Convención de Naciones Unidas sobre los derechos de las personas con diversidad funcional (discapacidad)

Edificio de Naciones Unidas

La Convención Internacional sobre los Derechos de las Personas con Discapacidad (CRPD, por su sigla en inglés) es un instrumento internacional de derechos humanos de las Naciones Unidas o Derecho internacional de los derechos humanos destinadas a proteger los derechos y la dignidad de las personas con diversidad funcional. Los Estados partes en la Convención tienen la obligación de promover, proteger y garantizar el pleno disfrute de los derechos humanos de las personas con diversidad funcional y garantizar que gocen de plena igualdad ante la ley.

El texto fue aprobado por la Asamblea General de Naciones Unidas el 13 de diciembre de 2006 en la Sede de las Naciones Unidas en Nueva York, y quedaron abiertos a la firma el 30 de marzo de 2007 Tras su aprobación por la Asamblea General, la Convención será abierta a los 192 Estados Miembros para su ratificación y aplicación. La Convención entraba en vigor cuando fuera ratificada por 20 países, por lo que entró en vigor el 3 de mayo de 2008. La convención cuenta con 158 signatarios, 92 signatarios del Protocolo Facultativo, 141 ratificaciones de la Convención y 78 ratificaciones del Protocolo.4 Se trata del primer instrumento amplio de derechos humanos del siglo XXI y la primera convención de derechos humanos que se abre a la firma de las organizaciones regionales de integración.1 2 Señala un “cambio paradigmático” de las actitudes y enfoques respecto de las personas con discapacidad.

La Convención está supervisada por el Comité de Expertos de la ONU sobre Derechos de las Personas con Discapacidad.

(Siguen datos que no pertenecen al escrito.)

(* Let $0<m\le L$ and let $(\alpha,\beta,\gamma)$ be constant parameters such that, for every $f\in\mathcal{Q}_m^L$, the spectral radius of the matrix $A$ equals $\rho=1-1/T_s\in(0,1)$. Then $$\hat J_{\max}:=\max_{\lambda\in[m,L]}\hat J(\lambda)\ge\frac{\sigma_w^2}{2(1+\rho)^2}\,T_s,\qquad \hat J_{\min}:=\min_{\lambda\in[m,L]}\hat J(\lambda)\ge\sigma_w^2 .$$
   Context: $\mathcal{Q}_m^L$ is the class of quadratic functions $f(x)=\tfrac12x^TQx-q^Tx$ on $\mathbb{R}^n$ with $Q=Q^T\succ0$ whose largest eigenvalue is $L$ and smallest is $m$. For the two-step momentum algorithm $x^{t+2}=x^{t+1}+\beta(x^{t+1}-x^t)-\alpha\nabla f\big(x^{t+1}+\gamma(x^{t+1}-x^t)\big)+\sigma_w w^t$ ($w^t$ white noise with zero mean and identity covariance, $\sigma_w\ge0$), the state matrix is $A=\begin{bmatrix}0&I\\-\beta I+\gamma\alpha Q&(1+\beta)I-(1+\gamma)\alpha Q\end{bmatrix}$. For $\lambda>0$ define $a(\lambda)=\beta-\gamma\alpha\lambda$, $b(\lambda)=(1+\gamma)\alpha\lambda-(1+\beta)$, $d(\lambda)=a(\lambda)+b(\lambda)+1$, $l(\lambda)=a(\lambda)-b(\lambda)+1$, $h(\lambda)=1-a(\lambda)$, and $\hat J(\lambda)=\dfrac{\sigma_w^2\,(d(\lambda)+l(\lambda))}{2\,d(\lambda)\,h(\lambda)\,l(\lambda)}$ (the contribution of a Hessian eigenvalue $\lambda$ to the steady-state variance of $x^t-x^\star$). *)

theory Defs
  imports "Jordan_Normal_Form.Spectral_Radius"
begin

definition quad_class_hessian :: "real \<Rightarrow> real \<Rightarrow> nat \<Rightarrow> real mat \<Rightarrow> bool" where
  "quad_class_hessian m L n Q \<longleftrightarrow>
     Q \<in> carrier_mat n n \<and> transpose_mat Q = Q \<and>
     (\<forall>v \<in> carrier_vec n. v \<noteq> 0\<^sub>v n \<longrightarrow> v \<bullet> (Q *\<^sub>v v) > 0) \<and>
     eigenvalue Q L \<and> (\<forall>k. eigenvalue Q k \<longrightarrow> k \<le> L) \<and>
     eigenvalue Q m \<and> (\<forall>k. eigenvalue Q k \<longrightarrow> m \<le> k)"

definition state_matrix :: "real \<Rightarrow> real \<Rightarrow> real \<Rightarrow> nat \<Rightarrow> real mat \<Rightarrow> real mat" where
  "state_matrix \<alpha> \<beta> \<gamma> n Q =
     four_block_mat (0\<^sub>m n n) (1\<^sub>m n)
       ((- \<beta>) \<cdot>\<^sub>m 1\<^sub>m n + (\<gamma> * \<alpha>) \<cdot>\<^sub>m Q)
       ((1 + \<beta>) \<cdot>\<^sub>m 1\<^sub>m n + (- ((1 + \<gamma>) * \<alpha>)) \<cdot>\<^sub>m Q)"

definition a_fun :: "real \<Rightarrow> real \<Rightarrow> real \<Rightarrow> real \<Rightarrow> real" where
  "a_fun \<alpha> \<beta> \<gamma> lam = \<beta> - \<gamma> * \<alpha> * lam"
definition b_fun :: "real \<Rightarrow> real \<Rightarrow> real \<Rightarrow> real \<Rightarrow> real" where
  "b_fun \<alpha> \<beta> \<gamma> lam = (1 + \<gamma>) * \<alpha> * lam - (1 + \<beta>)"
definition d_fun :: "real \<Rightarrow> real \<Rightarrow> real \<Rightarrow> real \<Rightarrow> real" where
  "d_fun \<alpha> \<beta> \<gamma> lam = a_fun \<alpha> \<beta> \<gamma> lam + b_fun \<alpha> \<beta> \<gamma> lam + 1"
definition l_fun :: "real \<Rightarrow> real \<Rightarrow> real \<Rightarrow> real \<Rightarrow> real" where
  "l_fun \<alpha> \<beta> \<gamma> lam = a_fun \<alpha> \<beta> \<gamma> lam - b_fun \<alpha> \<beta> \<gamma> lam + 1"
definition h_fun :: "real \<Rightarrow> real \<Rightarrow> real \<Rightarrow> real \<Rightarrow> real" where
  "h_fun \<alpha> \<beta> \<gamma> lam = 1 - a_fun \<alpha> \<beta> \<gamma> lam"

La Convención entró en vigor en España en mayo de 2008 tras ser aprobado por las Cortes el 21 de abril del mismo año. La Convención tiene también un Protocolo Facultativo adicional, firmado por el Estado español y aprobado por las Cortes el 22 de abril de 2008, que abre mecanismos de reclamación y somete a España a revisiones por por parte del Comité pertinente de la Naciones Unidas. La primera revisión tuvo lugar el 23 de septiembre de 2011, y tuvo como resultado las Observaciones finales del Comité de los Derechos de las Personas con Discapacidad.

Este texto jurídico internacional vincula y compromete al estado español a nivel constitucional, y su articulado prevalece sobre cualquier contenido jurídico de cualquier ley española. Significa un cambio conceptual radical sobre la diversidad funcional convirtiéndola en una cuestión de derechos humanos y erradica definitivamente el reduccionismo biológico y la vinculación con la enfermedad a la que habían sido sometidas las personas con diversidad funcional.

La discriminación por diversidad funcional pasa a ser una más de las ya conocidas por la sociedad por la sociedad, como la discriminación por orientación sexual, el género, religión, la edad, etc. Para comprender la profundidad de este cambio, basta con sustituir un tipo de discriminación por otra a la hora de hablar o legislar sobre la diversidad funcional. Por ejemplo, hablar o legislar sobre centros educativos especiales para personas discriminadas por su diversidad funcional sería equivalente a hablar con legislar sobre centros educativos especiales para personas de diferente orientación sexual, de diferente raza, etc.